Così nascono siti web che consentono visite digitali alle tombe dei propri cari. Alcuni lo fanno in termini algidamente burocratici e trattano le persone in lutto come utenti di un servizio come un altro. Altri lo fanno invece con poetica delicatezza. Tra questi il francese comemo.org dove è possibile piantare un albero jpeg da dedicare alla persona cara. E appendere ai rami un pensiero affettuoso, un ricordo emozionante, una foto commovente. O semplicemente un grazie che viene dal profondo del cuore. In questi giardini della memoria si coltiva insomma quella che Ugo Foscolo, nei Sepolcri, chiamava celeste corrispondenza d’amorosi sensi. Ma tradotta in connessione permanente. Al punto da poter partecipare alle esequie in streaming. E nei siti made in China si può noleggiare una barca virtuale per spargere le ceneri nell’oceano. Ma adesso vanno in rete anche i camposanti veri e propri. L’idea è di una websociety di Avellino — puntoceleste.it — che ha messo online la pianta dei cimiteri di molti comuni associati. L’iniziativa è appoggiata dai sindaci dei paesi ad alto tasso di emigrazione — Atripalda, Savignano Irpino, Castelverde e altri — per consentire a cittadini e comunità separate dall’oceano di confortare il riposo di familiari, amici, conoscenti, sepolti a migliaia di chilometri di distanza. Accendendo lumini votivi, postando frasi di compianto, mettendo fiori sulla web-tomba. Ma c’è anche la possibilità di inviare fiori autentici grazie a una convenzione con i fiorai locali. Costo per gli utenti, dai cinque ai quindici euro per accendere una lampada a Long Island e farla brillare a Savignano. E al posto del vecchio registro di condoglianze ci sono gli hashtag organizzati da parenti e amici dove è possibile caricare una biografia dello scomparso, una gallery di immagini, clip audio e video, una sezione di materiali che furono del caro estinto.

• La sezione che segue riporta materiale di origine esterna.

(* Let $d\ge 1$ and $n\ge 1$ be integers, and let $g\in\mathbb{R}[x_1,\dots,x_d]$ be a form (homogeneous polynomial) of degree $2n$ such that $g(\mathbf{x})\ge 0$ for all $\mathbf{x}\in\mathbb{R}^d$ and $g(\mathbf{x})=0$ only if $\mathbf{x}=0$. Let $\mu$ be the measure on $\mathbb{R}^d$ with $d\mu(\mathbf{x})=\exp(-g(\mathbf{x}))\,d\mathbf{x}$, and let $c_{2n}:=1+\frac{d}{2n}$. Let $\{P_{\boldsymbol{\alpha}}:\boldsymbol{\alpha}\in\mathbb{N}^d_{2n}\}$ be any basis of the space $\mathcal{H}[\mathbf{x}]_{2n}$ of degree-$2n$ forms which is orthonormal with respect to $\mu$, i.e. $\int P_{\boldsymbol{\alpha}}P_{\boldsymbol{\beta}}\,d\mu=\delta_{\boldsymbol{\alpha}\boldsymbol{\beta}}$ for all $\boldsymbol{\alpha},\boldsymbol{\beta}\in\mathbb{N}^d_{2n}$. Set $\mathbb{P}_{2n}(\mathbf{x}):=(P_{\boldsymbol{\alpha}}(\mathbf{x}))_{\boldsymbol{\alpha}\in\mathbb{N}^d_{2n}}$, let $\tilde{\mathbf{g}}$ be the coefficient vector of $g$ in this basis (so $g(\mathbf{x})=\langle\tilde{\mathbf{g}},\mathbb{P}_{2n}(\mathbf{x})\rangle$), let $\tilde{\boldsymbol{\mu}}^{(2n)}:=\int\mathbb{P}_{2n}(\mathbf{x})\,d\mu(\mathbf{x})$, and let $K^\mu_{2n}(\mathbf{x},\mathbf{y}):=\sum_{\boldsymbol{\alpha}\in\mathbb{N}^d_{2n}}P_{\boldsymbol{\alpha}}(\mathbf{x})P_{\boldsymbol{\alpha}}(\mathbf{y})$. Then \[\tilde{\mathbf{g}}=c_{2n}\,\tilde{\boldsymbol{\mu}}^{(2n)}=c_{2n}\int_{\mathbb{R}^d}\mathbb{P}_{2n}(\mathbf{x})\,\exp(-\langle\mathbb{P}_{2n}(\mathbf{x}),\tilde{\mathbf{g}}\rangle)\,d\mathbf{x},\] \[g(\mathbf{x})=c_{2n}\,\langle\mathbb{P}_{2n}(\mathbf{x}),\tilde{\boldsymbol{\mu}}^{(2n)}\rangle=c_{2n}\int K^\mu_{2n}(\mathbf{x},\mathbf{y})\,d\mu(\mathbf{y})\quad\text{for all }\mathbf{x}\in\mathbb{R}^d,\] \[\tilde{\boldsymbol{\mu}}^{(2n)}=\int_{\mathbb{R}^d}\mathbb{P}_{2n}(\mathbf{x})\,\exp\big(-c_{2n}\,\langle\mathbb{P}_{2n}(\mathbf{x}),\tilde{\boldsymbol{\mu}}^{(2n)}\rangle\big)\,d\mathbf{x}.\]
   Context: $\mathbb{N}^d_{2n}=\{\boldsymbol{\alpha}\in\mathbb{N}^d:\sum_i\alpha_i=2n\}$. $\mathcal{H}[\mathbf{x}]_{2n}$ denotes the real vector space of homogeneous polynomials of degree $2n$ in $\mathbf{x}=(x_1,\dots,x_d)$, of dimension $\binom{d-1+2n}{2n}$. The degree-$2n$ moment matrix $\int \mathbf{v}_{2n}\mathbf{v}_{2n}^T d\mu$ (with $\mathbf{v}_{2n}(\mathbf{x})=(\mathbf{x}^{\boldsymbol{\alpha}})_{\boldsymbol{\alpha}\in\mathbb{N}^d_{2n}}$) is positive definite, so a $\mu$-orthonormal basis of $\mathcal{H}[\mathbf{x}]_{2n}$ exists. *)

theory Defs
  imports "HOL-Analysis.Analysis"
begin

text \<open>Multi-indices alpha in N^d with |alpha| = m; the dimension d is the finite index type 'd.\<close>
definition multi_idx :: "nat \<Rightarrow> ('d::finite \<Rightarrow> nat) set" where
  "multi_idx m = {\<alpha>. (\<Sum>i\<in>UNIV. \<alpha> i) = m}"

definition monom :: "('d::finite \<Rightarrow> nat) \<Rightarrow> real^'d \<Rightarrow> real" where
  "monom \<alpha> x = (\<Prod>i\<in>UNIV. (x $ i) ^ (\<alpha> i))"

definition hom_form :: "nat \<Rightarrow> (real^'d::finite \<Rightarrow> real) \<Rightarrow> bool" where
  "hom_form m f \<longleftrightarrow>
     (\<exists>c. \<forall>x. f x = (\<Sum>\<alpha>\<in>(multi_idx m :: ('d \<Rightarrow> nat) set). c \<alpha> * monom \<alpha> x))"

Ma la digitalizzazione ormai entra anche nelle tradizionali aree cimiteriali. E inaugura l’era della lapide interattiva. Nel cimitero danese di Roskilde e in quello americano di Seattle le tombe hanno il QR code. Basta inquadrare il codice con lo smartphone per linkare la memoria dello scomparso e accedere alla sintesi Web della sua vita. Le chiamano anche living headstone, lapidi parlanti. Perché raccontano aneddoti bizzarri, episodi tristi, particolari teneri che formano il tessuto vivente del ricordo. Quello che ci lega a chi non è più con noi. E adesso quel legame diventa letteralmente link. E ci apre il cuore come un pop up. Ma qualche volta lo spezza. Quando Facebook ci ricorda il compleanno di una persona cara che non c’è più. E in molti rispondono “buon compleanno in paradiso”. Un’esperienza sempre più comune, visto che nel social network riposano ormai venti milioni di anime. Una community che dialoga coi vivi come in una toccante Spoon River digitale.